Cryptocurrency had its most turbulent year in 2022. The collapse of TerraUSD ushered in a broad market decline, and the FTX debacle brought new publicity and scrutiny to crypto’s woes. Both events will likely spark new regulation and legislation.

Policymakers and regulators should regulate market structures like exchanges. While many cryptocurrencies are extremely transparent and require little if any additional disclosures, others are plagued by serious informational asymmetries. An exchange might allow participants to trade Bitcoin, and regulators need to protect investors who rely on such exchanges. Investors may face informational asymmetries regarding the operation and safety of the exchange. Nevertheless, the exchange is unrelated to traded assets like Bitcoin and Ether. Thus, we could consider securities and exchange regulation to be ancillary to crypto itself.
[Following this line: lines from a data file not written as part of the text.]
text \<open>A right inverse is the transpose of a left inverse for the opposite order, and a left and a
  right inverse always coincide.\<close>
lemma zeta_inverse_exists:
  assumes "finite_poset P le"
  obtains m where "right_inverse_on P (zeta P le) m" and "right_inverse_on P m (zeta P le)"
    and "\<And>x y. m x y \<noteq> 0 \<Longrightarrow> x \<in> P \<and> y \<in> P \<and> le x y"
proof -
  obtain l where l: "right_inverse_on P l (zeta P le)"
    and supp: "\<forall>x y. l x y \<noteq> 0 \<longrightarrow> x \<in> P \<and> y \<in> P \<and> le x y"
    using zeta_left_inverse_exists[OF assms] by blast
  obtain d where d: "right_inverse_on P d (zeta P (\<lambda>x y. le y x))"
    using zeta_left_inverse_exists[OF finite_poset_converse[OF assms]] by blast
  have r: "right_inverse_on P (zeta P le) (\<lambda>x y. d y x)"
    unfolding right_inverse_on_def
  proof (intro ballI)
    fix x y assume "x \<in> P" "y \<in> P"
    then have "(\<Sum>z\<in>P. d y z * zeta P (\<lambda>x y. le y x) z x) = (if y = x then 1 else 0)"
      using d unfolding right_inverse_on_def by blast
    then show "(\<Sum>z\<in>P. zeta P le x z * d y z) = (if x = y then 1 else 0)"
      unfolding zeta_def by (simp add: mult.commute eq_commute conj_commute)
  qed
  have "l x y = d y x" if "x \<in> P" "y \<in> P" for x y
    using left_right_inverse_eq[OF finite_poset_finite[OF assms] l r that] .
  with r have "right_inverse_on P (zeta P le) l"
    unfolding right_inverse_on_def by (simp cong: sum.cong)
  with l supp that show ?thesis by blast
qed

lemma
  assumes "finite_poset P le"
  shows zeta_inv_right_inverse: "right_inverse_on P (zeta P le) (zeta_inv P le)"
    and zeta_inv_left_inverse: "right_inverse_on P (zeta_inv P le) (zeta P le)"
    and zeta_inv_nonzero: "zeta_inv P le x y \<noteq> 0 \<Longrightarrow> x \<in> P \<and> y \<in> P \<and> le x y"
proof -
  obtain m where r: "right_inverse_on P (zeta P le) m" and l: "right_inverse_on P m (zeta P le)"
    and supp: "\<And>x y. m x y \<noteq> 0 \<Longrightarrow> x \<in> P \<and> y \<in> P \<and> le x y"
    using zeta_inverse_exists[OF assms] by blast
  have "zeta_inv P le = m"
    unfolding zeta_inv_def right_inverse_on_def[symmetric]
  proof (rule the_equality)
    show "right_inverse_on P (zeta P le) m \<and> right_inverse_on P m (zeta P le)
      \<and> (\<forall>x y. x \<notin> P \<or> y \<notin> P \<longrightarrow> m x y = 0)"
      using r l supp by blast
  next
    fix m' assume m': "right_inverse_on P (zeta P le) m' \<and> right_inverse_on P m' (zeta P le)
      \<and> (\<forall>x y. x \<notin> P \<or> y \<notin> P \<longrightarrow> m' x y = 0)"
    have "m' x y = m x y" for x y
      using left_right_inverse_eq[OF finite_poset_finite[OF assms] l, of m' x y] m' supp by metis
    then show "m' = m" by blast
  qed
  with r l supp show "right_inverse_on P (zeta P le) (zeta_inv P le)"
    "right_inverse_on P (zeta_inv P le) (zeta P le)"
    "zeta_inv P le x y \<noteq> 0 \<Longrightarrow> x \<in> P \<and> y \<in> P \<and> le x y" by simp_all
qed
Regulators should focus on such ancillary regulation of market structures and resist calls to impose minimum-product standards on crypto. The FTX debacle involved the soundness of the exchange and not the soundness of mainstream cryptocurrencies like Bitcoin. Even before the collapse of TerraUSD, prominent voices called for stablecoins to be brought within the tightly regulated world of banks and other insured depository institutions. Even if such moves could have protected investors in TerraUSD, protection is not necessarily sound policy. At the present time, stablecoins do not function as methods of payments. Moreover, extending banking regulation to stablecoins almost certainly would mean governmental support if not outright deposit insurance. Such a move would also make many stablecoins impractical if not illegal. For now, regulators should let developers and investors continue to take risks in the design of stablecoins and other crypto rather than imposing direct regulation.